Quinn: Right now, we are working with Republic, which is the AngelList spinoff. The unique quality of their platform and what they're doing is that they're focusing on minority and female-founded businesses, or businesses with a social purpose. So, it’s really great because it taps into all those investors out there who got into the crowdfunding space, not just because they wanted to potentially make a return on their investment, but also because they have a sense of community and giving back. I think it taps into the crowdfunding ethos, in the vein of something like GoFundMe and those types of sites where people can give money toward some charitable or beneficial cause. It kind of marries those two things together. I think that they're really onto something. It’s a great concept.

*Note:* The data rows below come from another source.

lemma weighted_sum_Suc:
  assumes "Suc k \<le> K"
  shows "weighted_sum (Suc k) = (\<Sum>m\<in>fpartitions k. of_int (I m) * add_one_sum m)"
proof -
  have "weighted_sum (Suc k) = (\<Sum>l\<in>fpartitions (Suc k). \<Sum>r<K.
      if removable l r then weight l * of_int (sign_below K l r * I (remove_cell l r)) else 0)"
    unfolding weighted_sum_def
    using corner_rec[OF _ assms]
    by (intro sum.cong refl) (auto simp: of_int_sum sum_distrib_left intro!: sum.cong)
  also have "\<dots> = (\<Sum>m\<in>fpartitions k. \<Sum>i<K.
      if addable m i then weight (add_cell m i) * of_int (sign_below K m i * I m) else 0)"
    unfolding sum_removable_eq_sum_addable by (simp cong: if_cong)
  also have "\<dots> = (\<Sum>m\<in>fpartitions k. of_int (I m) * add_one_sum m)"
    unfolding add_one_sum_def
    by (intro sum.cong refl) (auto simp: sum_distrib_left algebra_simps intro!: sum.cong)
  finally show ?thesis .
qed

lemma add_two_sum_eq_add_one_sum:
  "add_two_sum v = (\<Sum>j<K. if addable v j then of_int (sign_below K v j) * add_one_sum (add_cell v j) else 0)"
  unfolding add_two_sum_def add_two_term_def add_one_sum_def
  by (intro sum.cong refl) (auto simp: sum_distrib_left algebra_simps intro!: sum.cong)

lemma sum_add_one_sum_Suc:
  assumes "Suc k \<le> K"
  shows "(\<Sum>m\<in>fpartitions (Suc k). of_int (I m) * add_one_sum m)
       = (\<Sum>v\<in>fpartitions k. of_int (I v) * add_two_sum v)"
proof -
  have "(\<Sum>m\<in>fpartitions (Suc k). of_int (I m) * add_one_sum m) = (\<Sum>m\<in>fpartitions (Suc k). \<Sum>r<K.
      if removable m r then of_int (sign_below K m r * I (remove_cell m r)) * add_one_sum m else 0)"
    using corner_rec[OF _ assms]
    by (intro sum.cong refl) (auto simp: of_int_sum sum_distrib_right intro!: sum.cong)
  also have "\<dots> = (\<Sum>v\<in>fpartitions k. \<Sum>j<K.
      if addable v j then of_int (sign_below K v j * I v) * add_one_sum (add_cell v j) else 0)"
    unfolding sum_removable_eq_sum_addable by (simp cong: if_cong)
  also have "\<dots> = (\<Sum>v\<in>fpartitions k. of_int (I v) * add_two_sum v)"
    unfolding add_two_sum_eq_add_one_sum
    by (intro sum.cong refl) (auto simp: sum_distrib_left algebra_simps intro!: sum.cong)
  finally show ?thesis .
qed

lemma sum_remove_one_sum:
  assumes "k < K"
  shows "(\<Sum>m\<in>fpartitions k. of_int (I m) * remove_one_sum m) = (if odd k then weighted_sum (k - 1) else 0)"
proof (cases k)
  case 0
  then show ?thesis
    by (simp add: fpartitions_0 remove_one_sum_def removable_def)
next
  case (Suc k')
  have "(\<Sum>m\<in>fpartitions k. of_int (I m) * remove_one_sum m) = (\<Sum>m\<in>fpartitions (Suc k'). \<Sum>s<K.
      if removable m s then of_int (I m) * (of_int ((-1) ^ s * sign_below K m s) * weight (remove_cell m s))
      else 0)"
    unfolding remove_one_sum_def Suc
    by (intro sum.cong refl) (auto simp: sum_distrib_left intro!: sum.cong)
  also have "\<dots> = (\<Sum>u\<in>fpartitions k'. \<Sum>i<K.
      if addable u i then of_int (I (add_cell u i)) * (of_int ((-1) ^ i * sign_below K u i) * weight u)
      else 0)"
    unfolding sum_removable_eq_sum_addable by (simp cong: if_cong)
  also have "\<dots> = (\<Sum>u\<in>fpartitions k'. weight u * of_int (add_sum u))"
    unfolding add_sum_def
    by (intro sum.cong refl) (auto simp: of_int_sum sum_distrib_left algebra_simps intro!: sum.cong)
  also have "\<dots> = (\<Sum>u\<in>fpartitions k'. weight u * of_int (if even k' then I u else 0))"
    using add_sum_eq assms Suc by (intro sum.cong refl) simp
  finally show ?thesis
    using Suc by (simp add: weighted_sum_def)
qed

lemma remove_two_sum_eq_remove_one_sum:
  "remove_two_sum v = (\<Sum>r<K. if removable v r
     then of_int ((-1) ^ r * sign_below K v r) * remove_one_sum (remove_cell v r) else 0)"
  unfolding remove_two_sum_def remove_two_term_def remove_one_sum_def
  by (intro sum.cong refl) (auto simp: sum_distrib_left algebra_simps intro!: sum.cong)

lemma sum_remove_two_sum:
  assumes "k < K"
  shows "(\<Sum>v\<in>fpartitions k. of_int (I v) * remove_two_sum v) = 0"
proof (cases k)
  case 0
  then show ?thesis
    by (simp add: fpartitions_0 remove_two_sum_eq_remove_one_sum removable_def)
next
  case (Suc k')
  have "(\<Sum>v\<in>fpartitions k. of_int (I v) * remove_two_sum v) = (\<Sum>v\<in>fpartitions (Suc k'). \<Sum>r<K.
      if removable v r then of_int (I v) * (of_int ((-1) ^ r * sign_below K v r)
        * remove_one_sum (remove_cell v r)) else 0)"
    unfolding remove_two_sum_eq_remove_one_sum Suc
    by (intro sum.cong refl) (auto simp: sum_distrib_left intro!: sum.cong)
  also have "\<dots> = (\<Sum>m\<in>fpartitions k'. \<Sum>i<K.
      if addable m i then of_int (I (add_cell m i)) * (of_int ((-1) ^ i * sign_below K m i) * remove_one_sum m)
      else 0)"
    unfolding sum_removable_eq_sum_addable by (simp cong: if_cong)
  also have "\<dots> = (\<Sum>m\<in>fpartitions k'. of_int (add_sum m) * remove_one_sum m)"
    unfolding add_sum_def
    by (intro sum.cong refl) (auto simp: of_int_sum sum_distrib_left algebra_simps intro!: sum.cong)
  also have "\<dots> = (if even k' then (\<Sum>m\<in>fpartitions k'. of_int (I m) * remove_one_sum m) else 0)"
    using add_sum_eq assms Suc by (simp cong: sum.cong)
  also have "\<dots> = 0"
    using sum_remove_one_sum[of k'] assms Suc by simp
  finally show ?thesis .
qed

lemma weighted_sum_Suc_Suc:
  assumes "k + 2 \<le> K"
  shows "weighted_sum (k + 2) = (x + y) * weighted_sum k"
proof -
  have "weighted_sum (k + 2) = (\<Sum>v\<in>fpartitions k. of_int (I v) * add_two_sum v)"
    using weighted_sum_Suc[of "Suc k"] sum_add_one_sum_Suc[of k] assms by simp
  also have "\<dots> = (\<Sum>v\<in>fpartitions k. (x + y) * (weight v * of_int (I v)) + kappa * (of_int (I v) * remove_two_sum v))"
    using add_two_sum_eq_remove_two_sum assms by (intro sum.cong refl) (simp add: algebra_simps)
  also have "\<dots> = (x + y) * weighted_sum k"
    using sum_remove_two_sum[of k] assms
    by (simp add: weighted_sum_def sum.distrib sum_distrib_left[symmetric])
  finally show ?thesis .
qed

lemma weighted_sum_0: "weighted_sum 0 = 1"
  by (simp add: weighted_sum_def fpartitions_0 weight_zero I_empty)

lemma weighted_sum_1:
  assumes "0 < K"
  shows "weighted_sum 1 = 1"
proof -
  have "add_one_sum (\<lambda>_. 0) = of_int (sign_below K (\<lambda>_. 0) 0) * weight (add_cell (\<lambda>_. 0) 0)"
    unfolding add_one_sum_def using assms by (simp add: addable_def)
  also have "\<dots> = 1"
    by (simp add: sign_below_def weight_def add_cell_def row_weight_def prod.neutral)
  finally show ?thesis
    using weighted_sum_Suc[of 0] assms by (simp add: fpartitions_0 I_empty)
qed

lemma weighted_sum_eq: "m \<le> K \<Longrightarrow> weighted_sum m = (x + y) ^ (m div 2)"
proof (induction m rule: nat_less_induct)
  case (1 m)
  consider "m = 0" | "m = 1" | k where "m = k + 2"
    by (metis One_nat_def add_2_eq_Suc' not0_implies_Suc)
  then show ?case
    using 1 weighted_sum_0 weighted_sum_1 weighted_sum_Suc_Suc by cases auto
qed

end

section \<open>Removing the largest entry of a tableau\<close>

lemma word_perm_permutes:
  assumes "distinct w" "set w = {1..length w}"
  shows "word_perm w permutes {1..length w}"
proof (rule bij_imp_permutes)
  have "bij_betw (\<lambda>k. k - 1) {1..length w} {..<length w}"
    by (rule bij_betw_byWitness[where f' = Suc]) auto
  moreover have "bij_betw ((!) w) {..<length w} {1..length w}"
    using assms by (intro bij_betw_nth) auto
  ultimately have "bij_betw ((!) w \<circ> (\<lambda>k. k - 1)) {1..length w} {1..length w}"
    by (rule bij_betw_trans)
  then show "bij_betw (word_perm w) {1..length w} {1..length w}"
    by (rule bij_betw_cong[THEN iffD1, rotated]) (simp add: word_perm_def)
qed (auto simp: word_perm_def)

lemma word_perm_swap:
  "word_perm (A @ b # a # C) = word_perm (A @ a # b # C) \<circ> transpose (Suc (length A)) (Suc (Suc (length A)))"
  by (rule ext) (auto simp: word_perm_def nth_append nth_Cons' transpose_def)

lemma word_perm_snoc_max: "word_perm (A @ [Suc (length A)]) = word_perm A"
  by (rule ext) (auto simp: word_perm_def nth_append)
(* Let $k$ be a field and $n\geq1$. Let $U=\{g(t_1)\cdots g(t_n): g(x)\in k[x],\ g(0)\neq0\}\subseteq k[s_1(t),\dots,s_n(t)]$ and $H_n=U^{-1}k[s_1(t),\dots,s_n(t)]$. Let $\psi\colon H_n\to A$ be a homomorphism of $k$-algebras, put $u_i=\psi(s_i(t))$ for $i=1,\dots,n$ and $F_n^\psi(x)=x^n-u_1x^{n-1}+\cdots+(-1)^nu_n\in A[x]$. Then the $A$-module $A\otimes_k k[x]_{(x)}/(F_n^\psi(x))$ is free of rank $n$ with a basis consisting of the classes of $1,x,\dots,x^{n-1}$. In particular, with $F_n(x)=x^n-s_1(t)x^{n-1}+\cdots+(-1)^ns_n(t)\in H_n[x]$, the $H_n$-module $H_n\otimes_k k[x]_{(x)}/(F_n(x))$ is free of rank $n$ with a basis consisting of the classes of $1,x,\dots,x^{n-1}$.
   Context: $s_i(t)$ is the $i$-th elementary symmetric polynomial in the variables $t_1,\dots,t_n$ of the polynomial ring $k[t_1,\dots,t_n]$. $k[x]_{(x)}$ is the localization of $k[x]$ at the multiplicative set of polynomials $g(x)$ with $g(0)\neq0$; $A[x]=A\otimes_k k[x]$. *)

theory Defs
  imports "HOL-Library.Poly_Mapping" "HOL-Computational_Algebra.Polynomial"
begin

(* Multivariate polynomials k[t_0, t_1, ...] as finitely supported maps
  from monomials (nat =>0 nat) to coefficients. The variables t_1..t_n of the
  paper are t_0..t_(n-1) here. *)

type_synonym 'k mpoly = "(nat \<Rightarrow>\<^sub>0 nat) \<Rightarrow>\<^sub>0 'k"

definition mconst :: "'k::comm_ring_1 \<Rightarrow> 'k mpoly" where
  "mconst c = Poly_Mapping.single 0 c"

definition mvar :: "nat \<Rightarrow> 'k::comm_ring_1 mpoly" where
  "mvar i = Poly_Mapping.single (Poly_Mapping.single i 1) 1"

definition esym :: "nat \<Rightarrow> nat \<Rightarrow> 'k::comm_ring_1 mpoly" where
  "esym n i = (\<Sum>S\<in>{S. S \<subseteq> {0..<n} \<and> card S = i}. \<Prod>j\<in>S. mvar j)"

inductive_set sym_subalg :: "nat \<Rightarrow> 'k::comm_ring_1 mpoly set" for n where
  const: "mconst c \<in> sym_subalg n"
| gen: "1 \<le> i \<Longrightarrow> i \<le> n \<Longrightarrow> esym n i \<in> sym_subalg n"
| add: "f \<in> sym_subalg n \<Longrightarrow> g \<in> sym_subalg n \<Longrightarrow> f + g \<in> sym_subalg n"
| mult: "f \<in> sym_subalg n \<Longrightarrow> g \<in> sym_subalg n \<Longrightarrow> f * g \<in> sym_subalg n"

definition eval_at_var :: "'k::comm_ring_1 poly \<Rightarrow> nat \<Rightarrow> 'k mpoly" where
  "eval_at_var g i = poly (map_poly mconst g) (mvar i)"

definition Uset :: "nat \<Rightarrow> 'k::field mpoly set" where
  "Uset n = {\<Prod>i<n. eval_at_var g i | g. poly g 0 \<noteq> 0}"

(* k-algebra structure on A given by a ring homomorphism phi : k \<Rightarrow> A. *)
definition ring_hom_on :: "('k::comm_ring_1 \<Rightarrow> 'b::comm_ring_1) \<Rightarrow> bool" where
  "ring_hom_on phi \<longleftrightarrow> phi 1 = 1 \<and> (\<forall>x y. phi (x + y) = phi x + phi y) \<and>
      (\<forall>x y. phi (x * y) = phi x * phi y)"

definition kalg_hom_sym :: "nat \<Rightarrow> ('k::field \<Rightarrow> 'b::comm_ring_1) \<Rightarrow> ('k mpoly \<Rightarrow> 'b) \<Rightarrow> bool" where
  "kalg_hom_sym n phi psi \<longleftrightarrow>
     (\<forall>c. psi (mconst c) = phi c) \<and>
     (\<forall>f\<in>sym_subalg n. \<forall>g\<in>sym_subalg n. psi (f + g) = psi f + psi g \<and> psi (f * g) = psi f * psi g)"
lemma occ_map_reflect_map:
  assumes "occ_map n k a"
  shows "occ_map n k (reflect_map n k a)"
  unfolding occ_map_def
proof (intro conjI strict_mono_onI)
  show "reflect_map n k a 0 = 0" "reflect_map n k a (Suc k) = Suc n"
    using assms unfolding reflect_map_def occ_map_def by simp_all
  fix r s assume "r \<in> {0..Suc k}" "s \<in> {0..Suc k}" "r < s"
  then have "a (Suc k - s) < a (Suc k - r)" using occ_map_less_iff[OF assms] by auto
  then show "reflect_map n k a r < reflect_map n k a s"
    using occ_map_le[OF assms, of "Suc k - r"] unfolding reflect_map_def by simp
qed

lemma reflect_map_Suc:
  assumes "occ_map n k a" "x \<le> k" "a (Suc x) = Suc (a x)"
  shows "reflect_map n k a (Suc (k - x)) = Suc (reflect_map n k a (k - x))"
  using assms occ_map_le[OF assms(1), of "Suc x"] unfolding reflect_map_def by (simp add: Suc_diff_le)

lemma contains_maps_rev:
  assumes \<sigma>: "\<sigma> \<in> perms k" and \<pi>: "\<pi> \<in> perms n" and X: "X \<subseteq> {0..k}"
    and c: "contains_maps (rev \<pi>) \<sigma> X Y"
  shows "contains_maps \<pi> (rev \<sigma>) ((\<lambda>x. k - x) ` X) Y"
proof -
  have lk: "length \<sigma> = k" and ln: "length \<pi> = n" using permsD[OF \<sigma>] permsD[OF \<pi>] by auto
  obtain a b where oa: "occ_map n k a" and ob: "occ_map n k b"
    and eq: "\<forall>t\<in>{1..k}. rev \<pi> ! (a t - 1) = b (\<sigma> ! (t - 1))"
    and hX: "\<forall>x\<in>X. a (Suc x) = Suc (a x)" and hY: "\<forall>y\<in>Y. b (Suc y) = Suc (b y)"
    using c unfolding contains_maps_def lk length_rev ln by blast
  have "\<pi> ! (reflect_map n k a t - 1) = b (rev \<sigma> ! (t - 1))" if t: "t \<in> {1..k}" for t
  proof -
    have u: "Suc k - t \<in> {1..k}" using t by auto
    have au: "a (Suc k - t) \<in> {1..n}" using occ_map_range[OF oa u] .
    have "a (Suc k - t) - 1 < n" "n - Suc (a (Suc k - t) - 1) = n - a (Suc k - t)" using au by auto
    then have "rev \<pi> ! (a (Suc k - t) - 1) = \<pi> ! (n - a (Suc k - t))" using ln by (simp add: rev_nth)
    then have "\<pi> ! (reflect_map n k a t - 1) = rev \<pi> ! (a (Suc k - t) - 1)"
      unfolding reflect_map_def by simp
    also have "\<dots> = b (\<sigma> ! (Suc k - t - 1))" using eq u by blast
    also have "\<dots> = b (rev \<sigma> ! (t - 1))"
    proof -
      have "t - 1 < k" "k - Suc (t - 1) = Suc k - t - 1" using t by auto
      then show ?thesis using lk by (simp add: rev_nth)
    qed
    finally show ?thesis .
  qed
  moreover have "\<forall>x'\<in>(\<lambda>x. k - x) ` X. reflect_map n k a (Suc x') = Suc (reflect_map n k a x')"
    using reflect_map_Suc[OF oa] hX X by auto
  ultimately show ?thesis unfolding contains_maps_def length_rev lk ln
    using occ_map_reflect_map[OF oa] ob hY by blast
qed

lemma contains_maps_compl:
  assumes \<sigma>: "\<sigma> \<in> perms k" and \<pi>: "\<pi> \<in> perms n" and Y: "Y \<subseteq> {0..k}"
    and c: "contains_maps (map (\<lambda>v. Suc n - v) \<pi>) \<sigma> X Y"
  shows "contains_maps \<pi> (map (\<lambda>v. Suc k - v) \<sigma>) X ((\<lambda>y. k - y) ` Y)"
proof -
  have lk: "length \<sigma> = k" and ln: "length \<pi> = n" using permsD[OF \<sigma>] permsD[OF \<pi>] by auto
  obtain a b where oa: "occ_map n k a" and ob: "occ_map n k b"
    and eq: "\<forall>t\<in>{1..k}. map (\<lambda>v. Suc n - v) \<pi> ! (a t - 1) = b (\<sigma> ! (t - 1))"
    and hX: "\<forall>x\<in>X. a (Suc x) = Suc (a x)" and hY: "\<forall>y\<in>Y. b (Suc y) = Suc (b y)"
    using c unfolding contains_maps_def lk length_map ln by blast
  have "\<pi> ! (a t - 1) = reflect_map n k b (map (\<lambda>v. Suc k - v) \<sigma> ! (t - 1))" if t: "t \<in> {1..k}" for t
  proof -
    have at: "a t - 1 < n" using occ_map_range[OF oa t] by auto
    have "\<pi> ! (a t - 1) \<le> n" "\<sigma> ! (t - 1) \<le> k"
      using perms_nth_mem[OF \<pi> at] perms_nth_mem[OF \<sigma>] t by auto
    moreover have "b (\<sigma> ! (t - 1)) = Suc n - \<pi> ! (a t - 1)" using eq t at ln by force
    moreover have "map (\<lambda>v. Suc k - v) \<sigma> ! (t - 1) = Suc k - \<sigma> ! (t - 1)" using t lk by auto
    ultimately show ?thesis unfolding reflect_map_def by (simp add: Suc_diff_le)
  qed
  moreover have "\<forall>y'\<in>(\<lambda>y. k - y) ` Y. reflect_map n k b (Suc y') = Suc (reflect_map n k b y')"
    using reflect_map_Suc[OF ob] hY Y by auto
  ultimately show ?thesis unfolding contains_maps_def length_map lk ln
    using oa occ_map_reflect_map[OF ob] hX by blast
qed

Another partner is Indiegogo, which is basically the founder of crowdfunding. They’re the very first crowdfunding site, and now one of the largest crowdfunding platforms in the world. They recently launched their Title III platform, and all issuers on their site use iDisclose. Our other partner is Funding Wonder, which is a brand-new platform that hasn’t launched yet. But they are focused on small business loans, and that’s a really interesting area. I think they've got a lot of potential there because they're kind of taking on the role that local and regional banks used to play. Today, a lot of banks have been acquired by the bigger banks, or they are so buried in Dodd-Frank regulations that they can’t even approach these types of loans and credits. So, they're really filling that gap. I think that they have an excellent model, and I’m hoping that they get some traction from it as well.

EQ: Republic, Funding Wonder, Indiegogo - these are all very different types of platforms. Equity crowdfunding has been championed as the democratization of capital, and with that comes a very diverse set of offerings and platforms. There are a lot of niche platforms coming out and appealing to the different needs of people, whether they’re financially or altruistically oriented. So, if this market ends up becoming more niche-oriented, do you believe you’re positioned to benefit from that?

Quinn: Definitely. That’s what’s great about technology. The way our system works is that the devil is in the details, and we are equipped to handle any type of security that’s offered from any type of company that wants to offer it. So, whether it’s a corporation or an LLC, or eventually some type of partnership or trust, we have the mechanisms in place to address those issues.

EQ: Lastly, are there any exciting news at iDisclose that we should look out for in the near future?

Quinn: We've got some awesome products in the pipeline, and some things that we think are going to help issuers and law firms, frankly, with the SEC process. People who have actually filed documents with the SEC know what a painful cost it can be, and we're working to streamline that process. We're talking about all types of transactions. For instance, forms for private placements and things that all filers have to go through that are a pain in the butt, we're going to make a lot easier.